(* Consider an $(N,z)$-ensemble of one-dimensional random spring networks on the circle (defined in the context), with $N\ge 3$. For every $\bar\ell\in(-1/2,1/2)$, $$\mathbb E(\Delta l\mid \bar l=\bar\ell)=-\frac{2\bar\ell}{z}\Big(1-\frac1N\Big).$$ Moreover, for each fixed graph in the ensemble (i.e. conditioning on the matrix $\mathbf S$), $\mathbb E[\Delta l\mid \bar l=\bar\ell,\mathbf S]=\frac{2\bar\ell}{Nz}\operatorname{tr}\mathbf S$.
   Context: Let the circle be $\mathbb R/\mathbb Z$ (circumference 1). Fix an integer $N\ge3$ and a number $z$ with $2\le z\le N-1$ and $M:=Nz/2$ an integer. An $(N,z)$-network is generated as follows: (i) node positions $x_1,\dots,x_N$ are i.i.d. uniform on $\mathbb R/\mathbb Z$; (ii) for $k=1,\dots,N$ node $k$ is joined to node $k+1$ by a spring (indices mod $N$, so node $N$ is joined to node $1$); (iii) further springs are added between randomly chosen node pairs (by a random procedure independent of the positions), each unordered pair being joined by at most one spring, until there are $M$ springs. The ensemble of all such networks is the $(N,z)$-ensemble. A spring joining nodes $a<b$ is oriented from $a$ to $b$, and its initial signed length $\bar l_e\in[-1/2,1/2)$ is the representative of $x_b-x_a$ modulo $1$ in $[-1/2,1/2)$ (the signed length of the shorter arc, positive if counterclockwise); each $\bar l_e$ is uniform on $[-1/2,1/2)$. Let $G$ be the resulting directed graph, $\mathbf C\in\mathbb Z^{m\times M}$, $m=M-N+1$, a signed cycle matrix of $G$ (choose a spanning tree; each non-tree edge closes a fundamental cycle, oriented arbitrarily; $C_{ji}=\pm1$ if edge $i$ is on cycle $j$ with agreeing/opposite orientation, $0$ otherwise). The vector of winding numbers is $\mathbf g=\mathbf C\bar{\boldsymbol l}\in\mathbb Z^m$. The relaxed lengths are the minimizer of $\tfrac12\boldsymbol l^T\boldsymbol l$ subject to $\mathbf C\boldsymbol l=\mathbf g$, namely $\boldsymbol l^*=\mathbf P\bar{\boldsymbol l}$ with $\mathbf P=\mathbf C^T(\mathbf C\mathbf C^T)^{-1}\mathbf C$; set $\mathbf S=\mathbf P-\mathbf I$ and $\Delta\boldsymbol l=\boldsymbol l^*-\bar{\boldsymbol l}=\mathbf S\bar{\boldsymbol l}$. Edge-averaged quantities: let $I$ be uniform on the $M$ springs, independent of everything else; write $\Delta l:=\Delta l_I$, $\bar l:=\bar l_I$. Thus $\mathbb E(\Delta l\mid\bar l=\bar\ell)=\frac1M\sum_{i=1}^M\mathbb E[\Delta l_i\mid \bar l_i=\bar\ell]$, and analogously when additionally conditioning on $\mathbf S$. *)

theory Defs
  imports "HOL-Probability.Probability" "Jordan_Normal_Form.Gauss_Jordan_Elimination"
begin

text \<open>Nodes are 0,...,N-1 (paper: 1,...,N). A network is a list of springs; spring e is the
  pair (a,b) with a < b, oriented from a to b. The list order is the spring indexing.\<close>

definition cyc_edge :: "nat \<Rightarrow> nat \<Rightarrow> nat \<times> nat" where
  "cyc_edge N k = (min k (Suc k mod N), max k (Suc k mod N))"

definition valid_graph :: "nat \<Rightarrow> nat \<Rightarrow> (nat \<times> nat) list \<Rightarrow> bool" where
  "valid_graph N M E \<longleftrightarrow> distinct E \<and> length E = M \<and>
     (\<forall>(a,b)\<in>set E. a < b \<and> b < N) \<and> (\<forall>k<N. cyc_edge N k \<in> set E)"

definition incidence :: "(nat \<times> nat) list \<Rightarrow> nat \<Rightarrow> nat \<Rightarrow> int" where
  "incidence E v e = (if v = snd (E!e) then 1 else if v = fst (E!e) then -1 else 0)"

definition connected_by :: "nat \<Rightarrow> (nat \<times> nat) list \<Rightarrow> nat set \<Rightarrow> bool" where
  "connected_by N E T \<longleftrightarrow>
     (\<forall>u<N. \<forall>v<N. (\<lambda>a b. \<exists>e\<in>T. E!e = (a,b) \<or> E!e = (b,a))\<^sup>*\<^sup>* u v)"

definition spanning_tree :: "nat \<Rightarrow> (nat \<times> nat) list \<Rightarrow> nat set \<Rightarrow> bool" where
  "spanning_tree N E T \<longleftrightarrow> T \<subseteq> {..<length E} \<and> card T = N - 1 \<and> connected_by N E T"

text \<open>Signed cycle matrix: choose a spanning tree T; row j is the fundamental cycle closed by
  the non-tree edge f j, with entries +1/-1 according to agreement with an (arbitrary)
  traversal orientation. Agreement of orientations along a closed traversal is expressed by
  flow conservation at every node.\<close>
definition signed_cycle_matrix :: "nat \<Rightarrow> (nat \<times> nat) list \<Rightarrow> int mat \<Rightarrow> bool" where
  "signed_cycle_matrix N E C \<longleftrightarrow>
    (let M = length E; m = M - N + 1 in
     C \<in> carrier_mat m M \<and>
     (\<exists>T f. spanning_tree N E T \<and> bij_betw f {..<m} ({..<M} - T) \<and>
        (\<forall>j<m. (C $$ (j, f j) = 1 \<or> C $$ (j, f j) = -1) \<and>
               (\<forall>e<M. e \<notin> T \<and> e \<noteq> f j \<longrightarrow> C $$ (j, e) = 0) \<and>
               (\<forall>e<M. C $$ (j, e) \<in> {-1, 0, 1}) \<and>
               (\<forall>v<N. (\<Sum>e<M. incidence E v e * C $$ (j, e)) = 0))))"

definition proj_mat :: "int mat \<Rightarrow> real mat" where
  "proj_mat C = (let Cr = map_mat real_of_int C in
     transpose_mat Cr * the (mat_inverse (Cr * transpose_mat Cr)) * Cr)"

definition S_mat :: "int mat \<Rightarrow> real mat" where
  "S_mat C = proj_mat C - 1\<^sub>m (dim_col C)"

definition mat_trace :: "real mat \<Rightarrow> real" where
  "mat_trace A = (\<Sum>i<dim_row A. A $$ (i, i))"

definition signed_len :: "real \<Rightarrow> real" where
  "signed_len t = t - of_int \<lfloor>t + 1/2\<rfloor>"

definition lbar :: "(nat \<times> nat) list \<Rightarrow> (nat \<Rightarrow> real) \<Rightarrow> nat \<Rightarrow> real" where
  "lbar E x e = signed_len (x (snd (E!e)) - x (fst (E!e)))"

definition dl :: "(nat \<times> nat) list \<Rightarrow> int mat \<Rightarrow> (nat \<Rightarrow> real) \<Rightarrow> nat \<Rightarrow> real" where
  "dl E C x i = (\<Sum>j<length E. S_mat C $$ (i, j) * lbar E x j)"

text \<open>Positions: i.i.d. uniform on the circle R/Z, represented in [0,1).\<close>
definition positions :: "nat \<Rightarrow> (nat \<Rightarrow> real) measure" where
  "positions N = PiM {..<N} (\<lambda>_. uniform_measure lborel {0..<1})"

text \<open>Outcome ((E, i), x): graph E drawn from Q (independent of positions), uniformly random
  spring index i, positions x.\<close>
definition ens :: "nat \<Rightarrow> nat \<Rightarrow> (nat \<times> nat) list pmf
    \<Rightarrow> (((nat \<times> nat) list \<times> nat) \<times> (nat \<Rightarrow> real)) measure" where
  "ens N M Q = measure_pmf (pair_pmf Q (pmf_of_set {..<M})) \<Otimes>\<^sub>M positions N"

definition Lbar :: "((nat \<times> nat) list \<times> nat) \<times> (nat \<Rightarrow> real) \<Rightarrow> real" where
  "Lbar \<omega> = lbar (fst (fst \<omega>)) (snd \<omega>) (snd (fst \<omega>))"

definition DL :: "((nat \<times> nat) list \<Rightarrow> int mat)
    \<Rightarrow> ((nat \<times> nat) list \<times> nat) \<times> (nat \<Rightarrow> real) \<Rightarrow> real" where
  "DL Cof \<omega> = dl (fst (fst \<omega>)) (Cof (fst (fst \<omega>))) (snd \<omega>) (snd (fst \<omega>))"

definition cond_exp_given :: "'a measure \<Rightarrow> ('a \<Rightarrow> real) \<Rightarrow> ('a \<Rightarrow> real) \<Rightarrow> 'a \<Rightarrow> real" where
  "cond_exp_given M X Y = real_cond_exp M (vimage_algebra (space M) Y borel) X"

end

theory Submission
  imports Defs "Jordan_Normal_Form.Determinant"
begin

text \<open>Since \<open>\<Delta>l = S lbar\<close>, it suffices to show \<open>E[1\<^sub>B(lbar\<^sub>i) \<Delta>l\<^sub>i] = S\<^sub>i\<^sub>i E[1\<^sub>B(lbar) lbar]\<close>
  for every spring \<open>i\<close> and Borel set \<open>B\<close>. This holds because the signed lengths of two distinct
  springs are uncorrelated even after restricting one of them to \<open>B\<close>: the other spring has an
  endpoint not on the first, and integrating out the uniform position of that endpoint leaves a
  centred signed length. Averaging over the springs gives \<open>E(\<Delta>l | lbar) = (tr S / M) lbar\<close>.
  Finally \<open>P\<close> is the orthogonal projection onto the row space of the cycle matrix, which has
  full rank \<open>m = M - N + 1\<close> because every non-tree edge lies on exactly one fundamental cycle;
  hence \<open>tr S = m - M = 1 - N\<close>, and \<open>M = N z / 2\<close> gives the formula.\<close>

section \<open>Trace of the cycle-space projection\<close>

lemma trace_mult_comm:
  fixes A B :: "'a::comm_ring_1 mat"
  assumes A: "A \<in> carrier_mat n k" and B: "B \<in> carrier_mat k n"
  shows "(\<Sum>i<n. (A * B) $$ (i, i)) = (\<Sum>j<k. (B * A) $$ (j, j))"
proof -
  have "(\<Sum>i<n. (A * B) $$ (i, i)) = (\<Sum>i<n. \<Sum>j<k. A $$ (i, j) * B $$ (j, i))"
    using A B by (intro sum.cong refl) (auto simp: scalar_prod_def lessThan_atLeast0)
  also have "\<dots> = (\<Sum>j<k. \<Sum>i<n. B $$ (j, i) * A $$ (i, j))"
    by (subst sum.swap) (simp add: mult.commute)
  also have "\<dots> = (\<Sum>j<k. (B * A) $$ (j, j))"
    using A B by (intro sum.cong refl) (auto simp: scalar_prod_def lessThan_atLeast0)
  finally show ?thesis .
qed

########################################

*YOUR ASSIGNMENT:*
What is needed is a verbatim copy of every line in the records above from the one containing "theory Submission" down to the one containing "for every spring", both included, and nothing more.

*ANSWER TO THE PROBLEM:*
theory Submission
  imports Defs "Jordan_Normal_Form.Determinant"
begin

text \<open>Since \<open>\<Delta>l = S lbar\<close>, it suffices to show \<open>E[1\<^sub>B(lbar\<^sub>i) \<Delta>l\<^sub>i] = S\<^sub>i\<^sub>i E[1\<^sub>B(lbar) lbar]\<close>
  for every spring \<open>i\<close> and Borel set \<open>B\<close>. This holds because the signed lengths of two distinct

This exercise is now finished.